◆ **Source information**
(* Let $\Phi(s),\Phi'(s)$, $s\in[0,t]$, be time-dependent potentials and $\kappa>0$. Let $\lambda=\max\{\|\Phi\|_\kappa,\|\Phi'\|_\kappa\}$ and suppose $24\lambda t\leq\kappa$. Let $O$ be an operator supported on a set $S\subseteq\Lambda$, regarded as a potential with the single term $O_S=O$. Let $\Delta(s)=\Phi(s)-\Phi'(s)$, $\mathcal{M}=288/\kappa^2$ and $\mathcal{C}=1+\mathcal{M}\lambda t$ (so $\mathcal{C}\leq1+12/\kappa$). Then $$\|\mathcal{E}_\Phi(t)O-\mathcal{E}_{\Phi'}(t)O\|\leq\mathcal{C}^3\mathcal{M}\,e^{\kappa|S|}\,\|O\|\,t\,\|\Delta\|_\kappa,$$ where on the left the potentials $\mathcal{E}_\Phi(t)O$, $\mathcal{E}_{\Phi'}(t)O$ are identified with their associated operators and $\|\cdot\|$ is the operator norm.
   Context: $\Lambda$ is a finite set of sites, each carrying a finite-dimensional Hilbert space; $\|\cdot\|$ is the operator norm. A potential $Q$ is a family of operators $Q_Z$, $Z\subseteq\Lambda$, with $Q_Z$ supported on $Z$; its associated operator is $\sum_Z Q_Z$; differences are termwise. Norm: $\|Q\|_\kappa=\sup_{x\in\Lambda}\sum_{Z\ni x}e^{\kappa|Z|}\|Q_Z\|$; for time-dependent potentials on $[0,t]$, $\|\Phi\|_\kappa=\frac1t\int_0^t\|\Phi(s)\|_\kappa ds$. Commutator of potentials: $(\mathrm{ad}_\Phi\Theta)_Z=\sum_{Z_1\cap Z_2\neq\emptyset,Z_1\cup Z_2=Z}[\Phi_{Z_1},\Theta_{Z_2}]$. Dyson-series evolution: $\mathcal{E}_\Phi(t)\Theta=\sum_{n\geq0}i^n\int_0^t dt_1\int_0^{t_1}dt_2\cdots\int_0^{t_{n-1}}dt_n\,\mathrm{ad}_{\Phi(t_1)}\cdots\mathrm{ad}_{\Phi(t_n)}\Theta$. *)

theory Defs
  imports "HOL-Analysis.Analysis"
begin

text \<open>Quantum spin system on a finite set of sites \<open>\<Lambda>\<close>; site \<open>x\<close> carries the
Hilbert space \<open>\<complex>^(d x)\<close>.  The total Hilbert space is \<open>\<ell>\<^sup>2\<close> over the set of
configurations (basis states of the tensor product).\<close>

type_synonym 's config = "'s \<Rightarrow> nat"
type_synonym 's op = "'s config \<Rightarrow> 's config \<Rightarrow> complex"
type_synonym 's pot = "'s set \<Rightarrow> 's op"

definition configs :: "'s set \<Rightarrow> ('s \<Rightarrow> nat) \<Rightarrow> 's config set" where
  "configs \<Lambda> d = PiE \<Lambda> (\<lambda>x. {..<d x})"

definition mmult :: "'s config set \<Rightarrow> 's op \<Rightarrow> 's op \<Rightarrow> 's op" where
  "mmult C A B = (\<lambda>\<sigma> \<tau>. \<Sum>\<rho>\<in>C. A \<sigma> \<rho> * B \<rho> \<tau>)"

definition comm :: "'s config set \<Rightarrow> 's op \<Rightarrow> 's op \<Rightarrow> 's op" where
  "comm C A B = (\<lambda>\<sigma> \<tau>. mmult C A B \<sigma> \<tau> - mmult C B A \<sigma> \<tau>)"

definition opnorm :: "'s config set \<Rightarrow> 's op \<Rightarrow> real" where
  "opnorm C A = Sup {sqrt (\<Sum>\<sigma>\<in>C. (cmod (\<Sum>\<tau>\<in>C. A \<sigma> \<tau> * v \<tau>))\<^sup>2) | v.
                      (\<Sum>\<tau>\<in>C. (cmod (v \<tau>))\<^sup>2) \<le> 1}"

text \<open>\<open>A\<close> is supported on \<open>Z\<close>: \<open>A = B \<otimes> 1\<^bsub>\<Lambda>-Z\<^esub>\<close>.\<close>
definition supported_on :: "'s set \<Rightarrow> ('s \<Rightarrow> nat) \<Rightarrow> 's set \<Rightarrow> 's op \<Rightarrow> bool" where
  "supported_on \<Lambda> d Z A \<longleftrightarrow> Z \<subseteq> \<Lambda> \<and>
     (\<exists>B. \<forall>\<sigma>\<in>configs \<Lambda> d. \<forall>\<tau>\<in>configs \<Lambda> d.
        A \<sigma> \<tau> = (if (\<forall>x\<in>\<Lambda> - Z. \<sigma> x = \<tau> x)
                  then B (restrict \<sigma> Z) (restrict \<tau> Z) else 0))"

definition assoc_op :: "'s set \<Rightarrow> 's pot \<Rightarrow> 's op" where
  "assoc_op \<Lambda> Q = (\<lambda>\<sigma> \<tau>. \<Sum>Z\<in>Pow \<Lambda>. Q Z \<sigma> \<tau>)"
definition eff_res :: "nat \<Rightarrow> (nat \<Rightarrow> real) \<Rightarrow> (nat \<Rightarrow> 'a::euclidean_space \<Rightarrow> 'a) \<Rightarrow> 'a set
     \<Rightarrow> real \<Rightarrow> real \<Rightarrow> real \<Rightarrow> nat \<Rightarrow> nat list set \<Rightarrow> nat list set \<Rightarrow> real" where
  "eff_res N rr S K \<alpha> \<gamma> lam n E F =
     (if E \<inter> F \<noteq> {} then 0
      else inverse (Inf {energy N rr S K \<alpha> \<gamma> lam n f | f.
                          (\<forall>x\<in>E. f x = 1) \<and> (\<forall>x\<in>F. f x = 0)}))"

text \<open>kappa-sequences: for each xi in K, (kappa n xi)_n is a geodesic ray converging to xi.\<close>
definition kappa_seq :: "nat \<Rightarrow> (nat \<Rightarrow> real) \<Rightarrow> (nat \<Rightarrow> 'a \<Rightarrow> 'a) \<Rightarrow> 'a set
     \<Rightarrow> (nat \<Rightarrow> 'a \<Rightarrow> nat list) \<Rightarrow> bool" where
  "kappa_seq N rr S K \<kappa> \<longleftrightarrow>
     (\<forall>\<xi>\<in>K. \<forall>n. \<kappa> n \<xi> \<in> Jn N rr n \<and> prefix (\<kappa> n \<xi>) (\<kappa> (Suc n) \<xi>) \<and>
               \<xi> \<in> word_map S (\<kappa> n \<xi>) ` K)"

definition level_res :: "nat \<Rightarrow> (nat \<Rightarrow> real) \<Rightarrow> (nat \<Rightarrow> 'a::euclidean_space \<Rightarrow> 'a) \<Rightarrow> 'a set
     \<Rightarrow> real \<Rightarrow> real \<Rightarrow> real \<Rightarrow> (nat \<Rightarrow> 'a \<Rightarrow> nat list) \<Rightarrow> nat \<Rightarrow> 'a set \<Rightarrow> 'a set \<Rightarrow> real" where
  "level_res N rr S K \<alpha> \<gamma> lam \<kappa> n \<Phi> \<Psi> =
     eff_res N rr S K \<alpha> \<gamma> lam n (\<kappa> n ` \<Phi>) (\<kappa> n ` \<Psi>)"

end

theory Submission
  imports Defs
begin

text \<open>
  By Dirichlet's principle \<open>R\<^sub>n\<close> is the inverse capacity between \<open>\<kappa>\<^sub>n(\<Phi>)\<close> and \<open>\<kappa>\<^sub>n(\<Psi>)\<close>
  in the finite network \<open>X\<^sub>n\<close>. Both estimates below test the equilibrium potential \<open>f\<close> of one
  network against a potential \<open>g\<close> that is only \<open>d\<close>-close to the boundary values, giving
  \<open>(1 - 2d) \<surd>C \<le> \<surd>E(g)\<close>. A potential of \<open>X\<^sub>n\<^sub>+\<^sub>1\<close> changes little along the vertical edges
  between \<open>\<kappa>\<^sub>n\<close> and \<open>\<kappa>\<^sub>n\<^sub>+\<^sub>1\<close>, whose conductances are of order \<open>\<rho>\<^sup>-\<^sup>n\<close> with
  \<open>\<rho> = \<lambda>/r\<^sup>\<alpha> < 1\<close>, so \<open>R\<^sub>n\<^sub>+\<^sub>1 \<le> R\<^sub>n + O(\<rho>\<^sup>n)\<close> and \<open>R\<^sub>n\<close> converges. Two
  \<open>\<kappa>\<close>-sequences pick level-\<open>n\<close> cells sharing a point, hence joined by horizontal edges of
  conductance \<open>\<rho>\<^sup>-\<^sup>n\<close>, so the square roots of their resistances differ by \<open>O(\<rho>\<^sup>n\<^sup>/\<^sup>2)\<close>
  and the limits agree. All this needs \<open>\<kappa>\<^sub>n(\<Phi>)\<close> and \<open>\<kappa>\<^sub>n(\<Psi>)\<close> disjoint, which holds
  eventually when \<open>\<Phi> \<inter> \<Psi> = {}\<close> because level-\<open>n\<close> cells have diameter at most
  \<open>r\<^sup>n diam K\<close>; if \<open>\<Phi>\<close> and \<open>\<Psi>\<close> meet, every \<open>R\<^sub>n\<close> is \<open>0\<close>.
\<close>

section \<open>Elementary estimates\<close>

lemma linear_coeff_zero_if_quadratic_nonneg:
  fixes a b :: real
  assumes "0 \<le> b" and "\<And>t. 0 \<le> a * t + b * t^2"
  shows "a = 0"
proof (rule ccontr)
  assume "a \<noteq> 0"
  define t where "t = - a / (b + 1)"
  have e: "(b + 1) * t = - a" using assms(1) unfolding t_def by simp
  have "(b + 1)^2 * (a * t + b * t^2) = a * (b + 1) * ((b + 1) * t) + b * ((b + 1) * t)^2"
    by (simp add: power2_eq_square algebra_simps)
  also have "\<dots> = - (a^2)" unfolding e by (simp add: power2_eq_square algebra_simps)
  finally have "(b + 1)^2 * (a * t + b * t^2) = - (a^2)" .
  then have "(b + 1)^2 * (a * t + b * t^2) < 0" using \<open>a \<noteq> 0\<close> by simp
  moreover have "0 \<le> (b + 1)^2 * (a * t + b * t^2)" using assms(2)[of t] by simp
  ultimately show False by simp
qed

lemma le_mult_add_of_sqrt_le:
  fixes C e P W :: real
  assumes "0 \<le> C" "0 \<le> e" "0 \<le> P" "0 \<le> W"
    and le: "sqrt C \<le> sqrt P + 2 * sqrt (e * W) * sqrt C"
  shows "C \<le> (1 + 4 * e * C) * (P + W)"
proof -
  define k where "k = 2 * sqrt e * sqrt C"
  have "sqrt C \<le> sqrt P + k * sqrt W"
    using le unfolding k_def by (simp add: real_sqrt_mult algebra_simps)
  then have "(sqrt C)^2 \<le> (sqrt P + k * sqrt W)^2" by (rule power_mono) (simp add: assms(1))
  also have "\<dots> \<le> (1 + k^2) * ((sqrt P)^2 + (sqrt W)^2)"
    using zero_le_power2[of "k * sqrt P - sqrt W"] by (simp add: power2_eq_square algebra_simps)
  finally show ?thesis unfolding k_def using assms(1-4) by (simp add: power_mult_distrib)
qed

lemma div_le_sqrt_of_sqrt_le:
  fixes C k P :: real
  assumes "0 \<le> C" "0 \<le> k" "0 \<le> P" and le: "sqrt C \<le> sqrt P + 2 * (k * sqrt P) * sqrt C"
  shows "sqrt C / (1 + 2 * k * sqrt C) \<le> sqrt P"
proof -
  have "sqrt C \<le> sqrt P * (1 + 2 * k * sqrt C)" using le by (simp add: algebra_simps)
  moreover have "0 < 1 + 2 * k * sqrt C" using assms(1,2) by (simp add: add_pos_nonneg)
  ultimately show ?thesis by (simp add: divide_le_eq)
qed

text \<open>Subtracting the partial sums of \<open>e\<close> turns \<open>f\<close> into a decreasing sequence bounded below.\<close>
lemma convergent_if_almost_decreasing:
  fixes f e :: "nat \<Rightarrow> real"
  assumes step: "\<And>m. m \<ge> m0 \<Longrightarrow> f (Suc m) \<le> f m + e m" and nonneg: "\<And>m. m \<ge> m0 \<Longrightarrow> 0 \<le> f m"
    and "summable e" and e_nonneg: "\<And>m. 0 \<le> e m"
  shows "convergent f"
proof -
  define e' where "e' k = e (k + m0)" for k
  have "summable e'" unfolding e'_def using \<open>summable e\<close> by (rule summable_ignore_initial_segment)
  define T where "T n = f (n + m0) - (\<Sum>k<n. e' k)" for n
  have "decseq T"
  proof (rule decseq_SucI)
    fix n
    show "T (Suc n) \<le> T n" using step[of "n + m0"] unfolding T_def e'_def by (simp add: add.commute)
  qed
  moreover have "- suminf e' \<le> T n" for n
    using sum_le_suminf[OF \<open>summable e'\<close>, of "{..<n}"] e_nonneg nonneg[of "n + m0"]
    unfolding T_def e'_def by simp
  ultimately obtain L where "T \<longlonglongrightarrow> L" using decseq_convergent by blast
  then have "(\<lambda>n. T n + (\<Sum>k<n. e' k)) \<longlonglongrightarrow> L + suminf e'"
    by (intro tendsto_add summable_LIMSEQ[OF \<open>summable e'\<close>])
  then have "(\<lambda>n. f (n + m0)) \<longlonglongrightarrow> L + suminf e'" unfolding T_def by simp
  then show ?thesis unfolding convergent_def using LIMSEQ_offset by blast
qed

section \<open>Finite electrical networks\<close>

definition net_energy :: "'b set \<Rightarrow> ('b \<Rightarrow> 'b \<Rightarrow> real) \<Rightarrow> ('b \<Rightarrow> real) \<Rightarrow> real" where
  "net_energy V c f = 1/2 * (\<Sum>x\<in>V. \<Sum>y\<in>V. c x y * (f x - f y)^2)"

definition net_form :: "'b set \<Rightarrow> ('b \<Rightarrow> 'b \<Rightarrow> real) \<Rightarrow> ('b \<Rightarrow> real) \<Rightarrow> ('b \<Rightarrow> real) \<Rightarrow> real" where
  "net_form V c f h = 1/2 * (\<Sum>x\<in>V. \<Sum>y\<in>V. c x y * (f x - f y) * (h x - h y))"

definition net_flux :: "'b set \<Rightarrow> ('b \<Rightarrow> 'b \<Rightarrow> real) \<Rightarrow> ('b \<Rightarrow> real) \<Rightarrow> 'b \<Rightarrow> real" where
  "net_flux V c f x = (\<Sum>y\<in>V. c x y * (f x - f y))"

definition admissible :: "'b set \<Rightarrow> 'b set \<Rightarrow> ('b \<Rightarrow> real) \<Rightarrow> bool" where
  "admissible A B f \<longleftrightarrow> (\<forall>x\<in>A. f x = 1) \<and> (\<forall>x\<in>B. f x = 0)"

definition net_capacity :: "'b set \<Rightarrow> ('b \<Rightarrow> 'b \<Rightarrow> real) \<Rightarrow> 'b set \<Rightarrow> 'b set \<Rightarrow> real" where
  "net_capacity V c A B = Inf {net_energy V c f | f. admissible A B f}"

lemma continuous_on_apply [continuous_intros]: "continuous_on S (\<lambda>f::'b \<Rightarrow> real. f x)"
  by (rule continuous_on_subset[OF continuous_on_product_coordinates]) simp

lemma admissible_ex: "A \<inter> B = {} \<Longrightarrow> admissible A B (\<lambda>x. if x \<in> A then 1 else 0)"
  unfolding admissible_def by auto

lemma admissible_image_approx:
  assumes g: "admissible (v ` \<Phi>) (v ` \<Psi>) g"
    and close: "\<And>\<xi>. \<xi> \<in> \<Phi> \<union> \<Psi> \<Longrightarrow> (g (u \<xi>) - g (v \<xi>))^2 \<le> D"
  shows "x \<in> u ` \<Phi> \<Longrightarrow> \<bar>g x - 1\<bar> \<le> sqrt D" and "x \<in> u ` \<Psi> \<Longrightarrow> \<bar>g x\<bar> \<le> sqrt D"
  using g close[THEN real_sqrt_le_mono] unfolding admissible_def by force+

locale network =
  fixes V :: "'b set" and c :: "'b \<Rightarrow> 'b \<Rightarrow> real"
  assumes finite_V: "finite V" and c_sym: "\<And>x y. c x y = c y x"
    and c_nonneg: "\<And>x y. 0 \<le> c x y"
begin

lemma energy_term_nonneg: "0 \<le> c x y * (f x - f y)^2"
  by (simp add: c_nonneg)

lemma energy_nonneg: "0 \<le> net_energy V c f"
  unfolding net_energy_def by (intro mult_nonneg_nonneg sum_nonneg energy_term_nonneg) simp

lemma energy_eq_form: "net_energy V c f = net_form V c f f"
  unfolding net_energy_def net_form_def by (simp add: power2_eq_square mult.assoc)

lemma form_eq_sum_flux: "net_form V c f h = (\<Sum>x\<in>V. h x * net_flux V c f x)"
proof -
  have "(\<Sum>x\<in>V. \<Sum>y\<in>V. c x y * (f x - f y) * h y) = (\<Sum>y\<in>V. \<Sum>x\<in>V. c x y * (f x - f y) * h y)"
    by (rule sum.swap)
  also have "\<dots> = (\<Sum>x\<in>V. \<Sum>y\<in>V. - (c x y * (f x - f y) * h x))"
    by (intro sum.cong refl) (simp add: c_sym algebra_simps)
  finally have "(\<Sum>x\<in>V. \<Sum>y\<in>V. c x y * (f x - f y) * h y) =
      - (\<Sum>x\<in>V. \<Sum>y\<in>V. c x y * (f x - f y) * h x)"
    by (simp add: sum_negf)
  moreover have "(\<Sum>x\<in>V. \<Sum>y\<in>V. c x y * (f x - f y) * (h x - h y)) =
      (\<Sum>x\<in>V. \<Sum>y\<in>V. c x y * (f x - f y) * h x) - (\<Sum>x\<in>V. \<Sum>y\<in>V. c x y * (f x - f y) * h y)"
    by (simp add: sum_subtractf[symmetric] algebra_simps)
  ultimately have "(\<Sum>x\<in>V. \<Sum>y\<in>V. c x y * (f x - f y) * (h x - h y)) =
      2 * (\<Sum>x\<in>V. \<Sum>y\<in>V. c x y * (f x - f y) * h x)" by simp
  then show ?thesis
    unfolding net_form_def net_flux_def by (simp add: sum_distrib_left algebra_simps)
qed

lemma energy_add_scaled:
  "net_energy V c (\<lambda>x. f x + t * h x) = net_energy V c f + 2 * t * net_form V c f h + t^2 * net_energy V c h"
proof -
  have "c x y * ((f x + t * h x) - (f y + t * h y))^2 =
      c x y * (f x - f y)^2 + 2 * t * (c x y * (f x - f y) * (h x - h y)) + t^2 * (c x y * (h x - h y)^2)"
    for x y by (simp add: power2_eq_square algebra_simps)
  then have "(\<Sum>x\<in>V. \<Sum>y\<in>V. c x y * ((f x + t * h x) - (f y + t * h y))^2) =
      (\<Sum>x\<in>V. \<Sum>y\<in>V. c x y * (f x - f y)^2) + 2 * t * (\<Sum>x\<in>V. \<Sum>y\<in>V. c x y * (f x - f y) * (h x - h y))
      + t^2 * (\<Sum>x\<in>V. \<Sum>y\<in>V. c x y * (h x - h y)^2)"
    by (simp add: sum.distrib sum_distrib_left)
  then show ?thesis unfolding net_energy_def net_form_def by (simp add: algebra_simps)
qed

lemma form_le_sqrt_energy: "net_form V c f h \<le> sqrt (net_energy V c f) * sqrt (net_energy V c h)"
proof -
  let ?E = "net_energy V c" and ?B = "net_form V c f h"
  have quad: "0 \<le> ?E f + 2 * t * ?B + t^2 * ?E h" for t
    using energy_add_scaled[of f t h] energy_nonneg[of "\<lambda>x. f x + t * h x"] by simp
  have "?B^2 \<le> ?E f * ?E h"
  proof (cases "?E h = 0")
    case True
    have "?B = 0"
    proof (rule ccontr)
      assume "?B \<noteq> 0"
      then have "?E f + 2 * (- (?E f + 1) / (2 * ?B)) * ?B = -1" by (simp add: field_simps)
      then show False using quad[of "- (?E f + 1) / (2 * ?B)"] True by simp
    qed
    then show ?thesis using True by simp
  next
    case False
    then have pos: "0 < ?E h" using energy_nonneg[of h] by simp
    have "0 \<le> ?E f + 2 * (- ?B / ?E h) * ?B + (- ?B / ?E h)^2 * ?E h" by (rule quad)
    also have "\<dots> = ?E f - ?B^2 / ?E h" using pos by (simp add: field_simps power2_eq_square)
    finally show ?thesis using pos by (simp add: field_simps)
  qed
  then have "\<bar>?B\<bar> \<le> sqrt (?E f * ?E h)" using real_sqrt_le_mono by fastforce
  then show ?thesis by (simp add: real_sqrt_mult)
qed

lemma energy_term_le:
  assumes "x \<in> V" "y \<in> V"
  shows "c x y * (f x - f y)^2 \<le> 2 * net_energy V c f"
proof -
  have "c x y * (f x - f y)^2 \<le> (\<Sum>y\<in>V. c x y * (f x - f y)^2)"
    using assms(2) finite_V energy_term_nonneg by (intro member_le_sum) auto
  also have "\<dots> \<le> (\<Sum>x\<in>V. \<Sum>y\<in>V. c x y * (f x - f y)^2)"
    using assms(1) finite_V energy_term_nonneg by (intro member_le_sum sum_nonneg) auto
  finally show ?thesis unfolding net_energy_def by simp
qed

◆ **Try it**
Using the listing above, return word for word each line from the one that has "in the finite" through the one that has "network against a", and no line outside that range.

◆ **Written solution**
  in the finite network \<open>X\<^sub>n\<close>. Both estimates below test the equilibrium potential \<open>f\<close> of one
  network against a potential \<open>g\<close> that is only \<open>d\<close>-close to the boundary values, giving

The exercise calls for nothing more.